Cystic Fibrosis

Cystic fibrosis (CF) is a chronic, progressive and frequently fatal genetic disease of the body’s mucus glands that often causes severe respiratory and digestive disorder. The disease causes the body to produce an abnormally thick, sticky mucus that obstructs the pancreas, preventing enzymes from reaching the intestines to digest food. The sweat glands and the reproductive system also are usually involved.

CF is caused by a mutation in the gene for the protein cystic fibrosis transmembrane conductance regulator (CFTR). In North America, cystic fibrosis affects about 30,000 children and adults. Caucasians of Northern European ancestry have the greatest chance of being carriers of the cystic fibrosis gene.

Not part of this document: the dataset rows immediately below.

(* Let $M$ be a finite monoid and $k$ a field. If there exists an idempotent $e\in M$ such that the monoid $eMe$ has two irreducible elements that are not associates (in $eMe$), then the monoid algebra $kM$ is of infinite representation type.
   Context: For an idempotent $e\in M$, $eMe=\{eme: m\in M\}$ is a monoid with identity $e$ under the multiplication of $M$. A non-unit $p$ in a monoid $N$ is irreducible if whenever $p=ab$ with $a,b\in N$, then $a$ or $b$ is a unit of $N$. Two elements $a,b\in N$ are associates if there exist units $u,v\in N$ with $a=ubv$. A finite-dimensional $k$-algebra is of infinite representation type if it has infinitely many isomorphism classes of finite-dimensional indecomposable modules. *)

theory Defs
  imports "Jordan_Normal_Form.Matrix"
begin

definition corner :: "'m::monoid_mult \<Rightarrow> 'm set" where
  "corner e = {e * m * e | m. True}"

definition corner_unit :: "'m::monoid_mult \<Rightarrow> 'm \<Rightarrow> bool" where
  "corner_unit e u \<longleftrightarrow> u \<in> corner e \<and> (\<exists>v\<in>corner e. u * v = e \<and> v * u = e)"

definition corner_irreducible :: "'m::monoid_mult \<Rightarrow> 'm \<Rightarrow> bool" where
  "corner_irreducible e p \<longleftrightarrow> p \<in> corner e \<and> \<not> corner_unit e p \<and>
     (\<forall>a\<in>corner e. \<forall>b\<in>corner e. p = a * b \<longrightarrow> corner_unit e a \<or> corner_unit e b)"

definition corner_associates :: "'m::monoid_mult \<Rightarrow> 'm \<Rightarrow> 'm \<Rightarrow> bool" where
  "corner_associates e a b \<longleftrightarrow> (\<exists>u v. corner_unit e u \<and> corner_unit e v \<and> a = u * b * v)"

section \<open>Finite-dimensional modules over the monoid algebra kM, as matrix representations of M\<close>

definition is_rep :: "nat \<Rightarrow> ('m::monoid_mult \<Rightarrow> 'k::field mat) \<Rightarrow> bool" where
  "is_rep n \<rho> \<longleftrightarrow> (\<forall>m. \<rho> m \<in> carrier_mat n n) \<and> \<rho> 1 = 1\<^sub>m n \<and>
     (\<forall>a b. \<rho> (a * b) = \<rho> a * \<rho> b)"

definition rep_iso :: "nat \<Rightarrow> ('m::monoid_mult \<Rightarrow> 'k::field mat) \<Rightarrow> nat \<Rightarrow> ('m \<Rightarrow> 'k mat) \<Rightarrow> bool" where
  "rep_iso n \<rho> n' \<sigma> \<longleftrightarrow> n = n' \<and>
     (\<exists>P \<in> carrier_mat n n. invertible_mat P \<and> (\<forall>m. P * \<rho> m = \<sigma> m * P))"

definition rep_sum :: "nat \<Rightarrow> ('m \<Rightarrow> 'k::field mat) \<Rightarrow> nat \<Rightarrow> ('m \<Rightarrow> 'k mat) \<Rightarrow> ('m \<Rightarrow> 'k mat)" where
  "rep_sum n1 \<rho>1 n2 \<rho>2 = (\<lambda>m. four_block_mat (\<rho>1 m) (0\<^sub>m n1 n2) (0\<^sub>m n2 n1) (\<rho>2 m))"

definition indecomposable_rep :: "nat \<Rightarrow> ('m::monoid_mult \<Rightarrow> 'k::field mat) \<Rightarrow> bool" where
  "indecomposable_rep n \<rho> \<longleftrightarrow> is_rep n \<rho> \<and> n > 0 \<and>
     \<not> (\<exists>n1 \<rho>1 n2 \<rho>2. n1 > 0 \<and> n2 > 0 \<and> is_rep n1 \<rho>1 \<and> is_rep n2 \<rho>2 \<and>
          rep_iso n \<rho> (n1 + n2) (rep_sum n1 \<rho>1 n2 \<rho>2))"

definition infinite_rep_type :: "'m::monoid_mult itself \<Rightarrow> 'k::field itself \<Rightarrow> bool" where
  "infinite_rep_type _ _ \<longleftrightarrow>
     \<not> (\<exists>S :: (nat \<times> ('m \<Rightarrow> 'k mat)) set. finite S \<and>
          (\<forall>n \<rho>. indecomposable_rep n \<rho> \<longrightarrow> (\<exists>(n', \<sigma>) \<in> S. rep_iso n \<rho> n' \<sigma>)))"

end

theory Submission
  imports Defs "Jordan_Normal_Form.DL_Rank" "HOL-Library.Cardinality"
begin

(* Let V = k^(2n+1) = k^n (+) k^(n+1) and let eMe act on V by sending units to the identity,
   associates of p and of q to the two embeddings of k^n into k^(n+1) shifting by 0 and by 1,
   and all other elements to 0. This is a representation: a product of two non-units is never
   associate to an irreducible, and the two embeddings compose to 0. As for the Kronecker
   module, its only idempotent endomorphisms are 0 and 1.
   The coinduced kM-module W = Hom_eMe(eM, V) contains a copy of V, so dim W >= 2n+1. An
   idempotent endomorphism E of W induces an idempotent endomorphism of V, which is 0 or 1,
   and it determines E since every component of a function in W is a translate of its value
   at 1. Hence W is indecomposable, and letting n grow gives infinitely many isomorphism
   classes. *)

lemma index_mult_mat_sum:
  assumes "A \<in> carrier_mat nr n" "B \<in> carrier_mat n nc" "r < nr" "s < nc"
  shows "(A * B) $$ (r, s) = (\<Sum>t\<in>{0..<n}. A $$ (r, t) * B $$ (t, s))"
  using assms by (simp add: index_mult_mat scalar_prod_def)

lemma sum_atLeast0_lessThan_delta:
  assumes "\<And>t. t < n \<Longrightarrow> f t = (if t = a then g else 0)"
  shows "(\<Sum>t\<in>{0..<(n::nat)}. f t) = (if a < n then g else (0::'a::comm_monoid_add))"
proof -
  have "(\<Sum>t\<in>{0..<n}. f t) = (\<Sum>t\<in>{0..<n}. if t = a then g else 0)"
    using assms by (intro sum.cong) auto
  also have "\<dots> = (if a < n then g else 0)" by simp
  finally show ?thesis .
qed

lemma mult_mat_vec_unit_vec:
  fixes A :: "'a::semiring_1 mat"
  assumes A: "A \<in> carrier_mat nr nc" and j: "j < nc"
  shows "A *\<^sub>v unit_vec nc j = col A j"
proof (rule eq_vecI)
  fix i assume "i < dim_vec (col A j)"
  then have i: "i < nr" using A by simp
  have "row A i \<bullet> unit_vec nc j = row A i $ j" by (rule scalar_prod_right_unit[OF j])
  then show "(A *\<^sub>v unit_vec nc j) $ i = col A j $ i" using A i j by simp
qed (use A in simp)

lemma mat_eqI_mult_vec:
  fixes A B :: "'a::semiring_1 mat"
  assumes A: "A \<in> carrier_mat nr nc" and B: "B \<in> carrier_mat nr nc"
    and eq: "\<And>v. v \<in> carrier_vec nc \<Longrightarrow> A *\<^sub>v v = B *\<^sub>v v"
  shows "A = B"
proof (rule mat_col_eqI)
  fix j assume "j < dim_col B"
  then have j: "j < nc" using B by simp
  show "col A j = col B j"
    using mult_mat_vec_unit_vec[OF A j] mult_mat_vec_unit_vec[OF B j] eq[of "unit_vec nc j"] by simp
qed (use A B in auto)

lemma mult_mat_vec_zero: "A \<in> carrier_mat nr nc \<Longrightarrow> A *\<^sub>v 0\<^sub>v nc = (0\<^sub>v nr :: 'a::semiring_0 vec)"
  by (intro eq_vecI) (auto simp: scalar_prod_def)

lemma zero_mult_mat_vec: "v \<in> carrier_vec nc \<Longrightarrow> 0\<^sub>m nr nc *\<^sub>v v = (0\<^sub>v nr :: 'a::semiring_0 vec)"
  by (intro eq_vecI) (auto simp: scalar_prod_def)

lemma mult_mat_vec_cancel_left:
  fixes B :: "'a::field mat"
  assumes B: "B \<in> carrier_mat nr nc"
    and inj: "\<And>c. c \<in> carrier_vec nc \<Longrightarrow> B *\<^sub>v c = 0\<^sub>v nr \<Longrightarrow> c = 0\<^sub>v nc"
    and u: "u \<in> carrier_vec nc" and w: "w \<in> carrier_vec nc" and eq: "B *\<^sub>v u = B *\<^sub>v w"
  shows "u = w"
proof -
  have "B *\<^sub>v (u - w) = 0\<^sub>v nr" using B u w eq by (simp add: mult_minus_distrib_mat_vec)
  then have "u - w = 0\<^sub>v nc" using inj u w by simp
  show ?thesis
  proof (rule eq_vecI)
    fix i assume "i < dim_vec w"
    then show "u $ i = w $ i" using arg_cong[OF \<open>u - w = 0\<^sub>v nc\<close>, of "\<lambda>v. v $ i"] u w by simp
  qed (use u w in simp)
qed

lemma invertible_matE:
  fixes P :: "'a::semiring_1 mat"
  assumes P: "P \<in> carrier_mat n n" and inv: "invertible_mat P"
  obtains P' where "P' \<in> carrier_mat n n" "P * P' = 1\<^sub>m n" "P' * P = 1\<^sub>m n"
proof -
  obtain P' where P': "P * P' = 1\<^sub>m (dim_row P)" "P' * P = 1\<^sub>m (dim_row P')"
    using inv unfolding invertible_mat_def inverts_mat_def by blast
  have "dim_col P' = n" using arg_cong[OF P'(1), of dim_col] P by simp
  moreover have "dim_row P' = n" using arg_cong[OF P'(2), of dim_col] P by simp
  ultimately show ?thesis using that[of P'] P' P by auto
qed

Cystic fibrosis has a variety of symptoms including:

  • Very salty-tasting skin
  • Persistent coughing, wheezing or pneumonia
  • Excessive appetite but poor weight gain
  • Bulky stools

The sweat test is the standard diagnostic test for cystic fibrosis. This simple and painless test measures the amount of salt in the sweat. A high salt level can indicate that a person has CF.

People who carry traits for these disorders may not have symptoms. However, if both parents are carriers of the same abnormal gene, the chance of having an affected child is 1 in 4, or 25 percent, for each pregnancy. A special blood test, called a carrier test, may be able to tell if you carry such a trait.

While there are no cures for cystic fibrosis there are several treatment methods. Disease management is aimed at maximizing organ function and consists of proactive treatment of airway infection, and encouragement of good nutrition and an active lifestyle. Current treatments only delay the decline in organ function at best. Targets for therapy are the lungs, gastrointestinal tract, the reproductive organs, and psychological support.

With improved treatments, the lifespan of individuals with cystic fibrosis has increased so that on average it now is about 30 years.